Required action
Report all lines from the entries below in which "open" appears.

Entries taken from a collection
(* An infinite set $S\subset\mathbb N$ is superficial if and only if $\mathbb N$ can be partitioned into three pairwise disjoint sets $\mathbb A,\mathbb B,\mathbb C$ such that: (i) $\mathbb A$ (possibly empty) has natural density zero; (ii) $\mathbb B$ is either empty or a union of infinitely many intervals of consecutive integers whose lengths tend to infinity, and $\mathbb B\subset S$; (iii) $\mathbb C$ is either empty or a union of infinitely many intervals of consecutive integers whose lengths tend to infinity, and $\mathbb C\cap S=\emptyset$.
   Context: For $S\subset\mathbb N$ let $y=\mathbbm 1_S\in\{0,1\}^{\mathbb N}$. For a point $z$ of a shift space $\Lambda^{\mathbb N}$ with shift $\sigma$, let $A_n(z)=\frac1n\sum_{i=0}^{n-1}\delta_{\sigma^i z}$; a shift-invariant measure $\nu$ is quasi-generated by $z$ if it is a weak-* accumulation point of $(A_n(z))_n$, and $\mathcal M_z$ denotes the set of all measures quasi-generated by $z$. An infinite set $S\subset\mathbb N$ is called superficial if $\mathcal M_y\subset\mathrm{conv}\{\delta_{\bar0},\delta_{\bar1}\}$, where $\delta_{\bar0},\delta_{\bar1}$ are the point masses at the constant sequences $(0,0,\dots)$ and $(1,1,\dots)$. *)

theory Defs
  imports "HOL-Probability.Probability"
begin

text \<open>The space \<open>nat \<Rightarrow> bool\<close> carries the product topology of the discrete space bool,
  i.e. it is the compact metrizable space {0,1}^N, with True read as 1 and False as 0.\<close>

definition shift :: "(nat \<Rightarrow> 'a) \<Rightarrow> nat \<Rightarrow> 'a" where
  "shift z = (\<lambda>i. z (Suc i))"

text \<open>Integral of f against the empirical measure A_n(z) = (1/n) sum_{i<n} delta_{shift^i z}.\<close>

definition empirical_avg :: "(nat \<Rightarrow> 'a) \<Rightarrow> nat \<Rightarrow> ((nat \<Rightarrow> 'a) \<Rightarrow> real) \<Rightarrow> real" where
  "empirical_avg z n f = (1 / real n) * (\<Sum>i<n. f ((shift ^^ i) z))"
(* An irregular LDPC code satisfies the stability condition under binary message-passing decoding (using quantized or unquantized channel messages) if and only if the variable node degree distribution satisfies \[ \left(\lambda_{2} + 2\epsilon_{ch}\lambda_{3}\right)\left(d_{c}-1\right) < 1, \] where $\epsilon_{ch}$ denotes the error probability of a hard decision of the channel messages.
   Context: Consider check-regular LDPC codes in which every check node has degree $d_c$, and let $\lambda_i$ denote the fraction of edges connected to variable nodes of degree $i$ (edge-perspective variable node degree distribution). Transmission is over a binary-input symmetric-output channel (e.g. a binary-input AWGN channel); the channel output, converted to an L-value $L_{ch}$, is either used unquantized, hard-decided, or quantized into sign plus magnitude index $w=0,\ldots,W$ (equivalently, decomposed into binary symmetric sub-channels $w$ used with probability $p_w$ and having crossover probability $\epsilon_{ch,w}$, so that $\epsilon_{ch}=\sum_w p_w\epsilon_{ch,w}$). In the binary message-passing decoder, variable and check nodes exchange only binary messages in $\{+1,-1\}$: a check node outputs on each edge the product of its other $d_c-1$ incoming messages; a variable node of degree $d_v$ converts each incoming binary message from a binary symmetric channel with crossover probability $\epsilon$ to the L-value $y\log\frac{1-\epsilon}{\epsilon}$ (assuming it knows the crossover probabilities of the channel and of the check-to-variable messages), computes $L_{ev,j}=L_{ch}+\sum_{i\neq j}L_{av,i}$ for each edge $j$, and sends the sign of $L_{ev,j}$. The stability condition means that the decoder's message error probability decreases to zero when started from a sufficiently small error probability, i.e. the derivative of the one-iteration error-probability update at zero is less than one. *)

theory Defs
  imports "HOL-Probability.Probability"
begin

Answer area
text \<open>The space \<open>nat \<Rightarrow> bool\<close> carries the product topology of the discrete space bool,
text \<open>Integral of f against the empirical measure A_n(z) = (1/n) sum_{i<n} delta_{shift^i z}.\<close>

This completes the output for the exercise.